The 30 Best GBA Games of All Time
Best GBA Games
1. ‘Super Mario World: Super Mario Advance 2’
The original Super Mario World is considered to be one of the greatest platformers of all time and one of the best games period. Now just imagine how shocked teens were back then when they found out they could play that SNES classic in the palm of their hands. The Super Mario Advance series did just that as it brought Super Mario World to the GBA. Having Luigi actually play much differently from his brother Mario provided a nice change of pace here, plus the inclusion of new items being gifted to players via different colored Yoshi's hatched eggs also freshened up the original game's formula a bit.
2. ‘Yoshi's Island: Super Mario Advance 3’
We're going to keep shouting out the Super Mario Advance series on this list of the best GBA games by moving on to the third release. And this time around, the best baby-escorting platformer we've ever played (Super Mario World 2: Yoshi's Island) got brought over to Nintendo's purple handheld powerhouse. At the time of release, we immediately took note of the refreshed visual splendor - the already amazing artwork from the first game shockingly looks even better on the GBA's smaller screen. The added "Secret Stages" gave us more incentive to protect Baby Mario and fling some eggs as Yoshi all over again for this GBA release.

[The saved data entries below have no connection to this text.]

(* Let $\mathcal{R},\mathcal{R}'$ be finite sets with $|\mathcal{R}|=|\mathcal{R}'|$, let $\mathcal{A}$ be a finite set of attributes, for each $a\in\mathcal{A}$ let $\mathcal{V}_a=\mathcal{V}'_a$ be a finite set and $A_a$ a transition probability matrix on $\mathcal{V}_a$ with positive entries, and let $\mathcal{V}=\mathcal{V}'=\prod_{a\in\mathcal{A}}\mathcal{V}_a$. Then the PRAM mechanism with per-attribute transition matrices $A_a$ is a $Pk$-anonymization for $$k=1+(|\mathcal{R}|-1)\prod_{a\in\mathcal{A}}\mathrm{AR}_a,\qquad \mathrm{AR}_a=\min_{u,v\in\mathcal{V}_a,\ u',v'\in\mathcal{V}'_a}\frac{(A_a)_{u,v'}(A_a)_{v,u'}}{(A_a)_{u,u'}(A_a)_{v,v'}}.$$
   Context: A table on $(\mathcal{R},\mathcal{V})$ is a map $\mathcal{R}\to\mathcal{V}$; $\mathcal{T}$, $\mathcal{T}'$ denote the sets of tables on $(\mathcal{R},\mathcal{V})$ and $(\mathcal{R}',\mathcal{V}')$. For sets $X,Y$, $X\to Y$ is the set of maps $X\to Y$. A privacy mechanism is $(\mathcal{R},\mathcal{V},\mathcal{R}',\mathcal{V}',\Pi,\Delta)$ with $\Pi$ uniformly distributed over bijections $\mathcal{R}\to\mathcal{R}'$ and $\Delta$ a random variable in $\mathcal{T}\to(\mathcal{R}\to\mathcal{V}')$; it is a privacy mechanism from $T$ to $T'$ if $T,\Pi,\Delta$ are mutually independent and $\Delta(T)=T'\circ\Pi$. A transition probability matrix has nonnegative entries and rows summing to 1. The PRAM mechanism with per-attribute matrices $A_a$: for every $\tau\in\mathcal{T}$, the values $(\Delta(\tau))(r)$, $r\in\mathcal{R}$, are independent and $\Pr[(\Delta(\tau))(r)=v']=\prod_{a\in\mathcal{A}}(A_a)_{\tau(r)_a,v'_a}$, where $w_a$ denotes the $a$-component of $w\in\prod_a\mathcal{V}_a$. $(\Delta,\tau')$ is $Pk$-anonymous if for all random variables $T,T'$ such that $\Delta$ is a privacy mechanism from $T$ to $T'$ and all $r\in\mathcal{R},r'\in\mathcal{R}'$, $\Pr[\Pi(r)=r'\mid T'=\tau']\le1/k$; $\Delta$ is a $Pk$-anonymization if $(\Delta,\tau')$ is $Pk$-anonymous for every $\tau'\in\mathcal{T}'$ for which some $\tau\in\mathcal{T}$ has $\Pr[\Delta(\tau)=\tau'\circ\Pi]\ne0$. *)

theory Defs
  imports "HOL-Probability.Probability"
begin

definition tables :: "'r set \<Rightarrow> 'a set \<Rightarrow> ('a \<Rightarrow> 'v set) \<Rightarrow> ('r \<Rightarrow> 'a \<Rightarrow> 'v) set" where
  "tables R A Vs = (R \<rightarrow>\<^sub>E PiE A Vs)"

definition bijections :: "'r set \<Rightarrow> 'r2 set \<Rightarrow> ('r \<Rightarrow> 'r2) set" where
  "bijections R R' = {\<pi> \<in> R \<rightarrow>\<^sub>E R'. bij_betw \<pi> R R'}"

definition positive_transition_matrix :: "'v set \<Rightarrow> ('v \<Rightarrow> 'v \<Rightarrow> real) \<Rightarrow> bool" where
  "positive_transition_matrix V M \<longleftrightarrow>
     (\<forall>u\<in>V. \<forall>v\<in>V. M u v > 0) \<and> (\<forall>u\<in>V. (\<Sum>v\<in>V. M u v) = 1)"

text \<open>A mechanism is given by the joint law Q of (Pi, Delta); Delta maps tables to maps R -> V'.\<close>
type_synonym ('r,'r2,'a,'v) mech =
  "(('r \<Rightarrow> 'r2) \<times> (('r \<Rightarrow> 'a \<Rightarrow> 'v) \<Rightarrow> ('r \<Rightarrow> 'a \<Rightarrow> 'v))) pmf"

definition uniform_Pi :: "'r set \<Rightarrow> 'r2 set \<Rightarrow> ('r,'r2,'a,'v) mech \<Rightarrow> bool" where
  "uniform_Pi R R' Q \<longleftrightarrow> map_pmf fst Q = pmf_of_set (bijections R R')"

definition is_PRAM :: "'r set \<Rightarrow> 'a set \<Rightarrow> ('a \<Rightarrow> 'v set) \<Rightarrow> ('a \<Rightarrow> 'v \<Rightarrow> 'v \<Rightarrow> real)
    \<Rightarrow> ('r,'r2,'a,'v) mech \<Rightarrow> bool" where
  "is_PRAM R A Vs M Q \<longleftrightarrow>
     (\<forall>\<tau>\<in>tables R A Vs.
        prob_space.indep_vars (measure_pmf Q) (\<lambda>_. count_space UNIV) (\<lambda>r x. (snd x) \<tau> r) R \<and>
        (\<forall>r\<in>R. \<forall>v'\<in>PiE A Vs.
           measure_pmf.prob Q {x. (snd x) \<tau> r = v'} = (\<Prod>a\<in>A. M a (\<tau> r a) (v' a))))"
lemma sigma_eq_if_open_cell:
  assumes "i \<in> labels" "x \<in> open_cell v \<mu> i"
  shows "sigma v \<mu> x = i"
proof
  fix j
  have "i j = -1 \<or> i j = 1" using assms(1) unfolding labels_def by auto
  moreover have "if i j = -1 then v j \<bullet> x < \<mu>$j else \<mu>$j < v j \<bullet> x"
    using assms(2) unfolding open_cell_def by blast
  ultimately show "sigma v \<mu> x j = i j" unfolding sigma_def by auto
qed

lemma sigma_eq_minus_one_iff: "sigma v \<mu> x j = -1 \<longleftrightarrow> v j \<bullet> x \<le> \<mu>$j"
  by (simp add: sigma_def)

lemma sigma_neq_minus_one_iff: "sigma v \<mu> x j \<noteq> -1 \<longleftrightarrow> \<mu>$j < v j \<bullet> x"
  by (auto simp: sigma_def)

lemma open_cell_subset_Aset:
  assumes "i \<in> labels"
  shows "rel_interior X \<inter> open_cell v \<mu> i \<subseteq> Aset X v \<mu> i"
proof -
  have "rel_interior X \<inter> open_cell v \<mu> i \<subseteq> rel_interior {x\<in>X. sigma v \<mu> x = i}"
    by (rule rel_interior_Int_open_subset[OF open_open_cell])
      (use sigma_eq_if_open_cell[OF assms] in auto)
  then show ?thesis unfolding Aset_def by blast
qed

text \<open>Nonemptiness for all nearby parameters excludes points of \<open>A\<^sub>i\<^sub>,\<^sub>\<mu>\<close> on a boundary
  hyperplane: lowering \<open>\<mu>\<^sub>j\<close> slightly yields a point of the cell strictly below it.\<close>
lemma Aset_subset_open_cell:
  assumes B: "open B" "\<mu> \<in> B" and ne: "\<forall>\<mu>'\<in>B. Aset X v \<mu>' i \<noteq> {}"
  shows "Aset X v \<mu> i \<subseteq> open_cell v \<mu> i"
proof
  fix x assume "x \<in> Aset X v \<mu> i"
  define S where "S = {x\<in>X. sigma v \<mu> x = i}"
  have xS: "x \<in> rel_interior S" using \<open>x \<in> Aset X v \<mu> i\<close> unfolding Aset_def S_def by blast
  then have x_sigma: "sigma v \<mu> x = i" using rel_interior_subset unfolding S_def by blast
  have "if i j = -1 then v j \<bullet> x < \<mu>$j else \<mu>$j < v j \<bullet> x" for j
  proof (cases "i j = -1")
    case False
    then show ?thesis using sigma_neq_minus_one_iff[of v \<mu> x j] x_sigma by simp
  next
    case True
    have S_le: "\<forall>z\<in>S. v j \<bullet> z \<le> \<mu>$j"
      using True by (simp add: S_def flip: sigma_eq_minus_one_iff)
    obtain \<epsilon> where \<epsilon>: "\<epsilon> > 0" "ball \<mu> \<epsilon> \<subseteq> B" using B open_contains_ball by blast
    define \<mu>' where "\<mu>' = \<mu> - (\<epsilon>/2) *\<^sub>R axis j 1"
    have "dist \<mu> \<mu>' < \<epsilon>" using \<epsilon>(1) by (simp add: \<mu>'_def dist_norm norm_axis_1)
    then have "\<mu>' \<in> B" using \<epsilon>(2) by auto
    then obtain y where "y \<in> Aset X v \<mu>' i" using ne by blast
    then have "y \<in> X" and y_sigma: "sigma v \<mu>' y = i"
      unfolding Aset_def using rel_interior_subset by blast+
    have y_j: "v j \<bullet> y \<le> \<mu>$j - \<epsilon>/2"
      using sigma_eq_minus_one_iff[of v \<mu>' y j] y_sigma True by (simp add: \<mu>'_def)
    have "sigma v \<mu> y k = i k" for k
    proof (cases "k = j")
      case True
      then show ?thesis using y_j \<epsilon>(1) \<open>i j = -1\<close> by (simp add: sigma_eq_minus_one_iff)
    next
      case False
      then have "\<mu>'$k = \<mu>$k" by (simp add: \<mu>'_def axis_def)
      then have "sigma v \<mu> y k = sigma v \<mu>' y k" by (simp add: sigma_def)
      then show ?thesis using y_sigma by simp
    qed
    with \<open>y \<in> X\<close> have "y \<in> S" by (simp add: S_def fun_eq_iff)
    then have "v j \<bullet> x < \<mu>$j"
      using rel_interior_inner_less[OF xS S_le] y_j \<epsilon>(1) by simp
    then show ?thesis using True by simp
  qed
  then show "x \<in> open_cell v \<mu> i" unfolding open_cell_def by blast
qed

3. ‘Super Mario Advance 4: Super Mario Bros. 3’
If you were around for the monumental NES launch of Super Mario Bros. 3, then it should come as no surprise to you to see this GBA re-release of the same game. Super Mario Advance 4 takes one of the best games in Nintendo's platforming catalog, spruces up the color fidelity on its original graphics, and adds in a bunch of cool quality-of-life improvements to make it that much more approachable to gamers of all ages. Taking down Bowser and his troublesome "Koopalings" for the second time around in handheld form was a great gameplay experience back then and is still great right now.
4. ‘Mario & Luigi: Superstar Saga’
Super Mario RPG: Legend of the Seven Stars and Paper Mario set the high standard for spinoff turn-based RPG games featuring the most famous mustachioed plumber in all of gaming. Mario & Luigi: Superstar Saga kept those side games' streak of quality releases going in the form of one of our favorite GBA RPGs. This game is pure jokes, folks - there are some laugh-out-loud moments that break the fourth wall that would take forever to recount here! On top of a hilarious script is the same classic and clever battle system that involves active button presses that rely on good timing - using two separate buttons to activate Mario and Luigi's attacks is such a cool combat mechanic.
5. ‘Golden Sun’
There is a large contingent of Golden Sun fans that wish Nintendo would bring it back into the fold and give it the proper modern-day series reimagining or big-budget remake it deserves. And that's due to the overall quality attached to the first game in the series, which garnered so much critical acclaim and managed to move a whole lot of copies sold back in the day. The grand adventures of Issac and his fellow band of magic-attuned teenagers called "Adepts" resulted in a game with a strong turn-based combat system that emphasizes epic summonable monster attacks and character class-switching thanks to the presence of elemental "Djinns."
6. ‘Golden Sun: The Lost Age’
The first game got its much-deserved flowers, so it's only right we do the exact same for its sequel. Golden Sun: The Lost Age is admittedly not all that different from what was established in its predecessor, but that's not a bad thing whatsoever. The implementation of "Psynergy" magic, when it came time to solve complex puzzles, provides some clever gameplay sequences in the form of tricky brainteasers outside of combat. And speaking of combat, the fundamentals of the first Golden Sun still work well here. Switching the main protagonist role from Issac to anti-hero turned straight-up good guy Felix ended up offering a likable change in perspective for this top-quality GBA RPG.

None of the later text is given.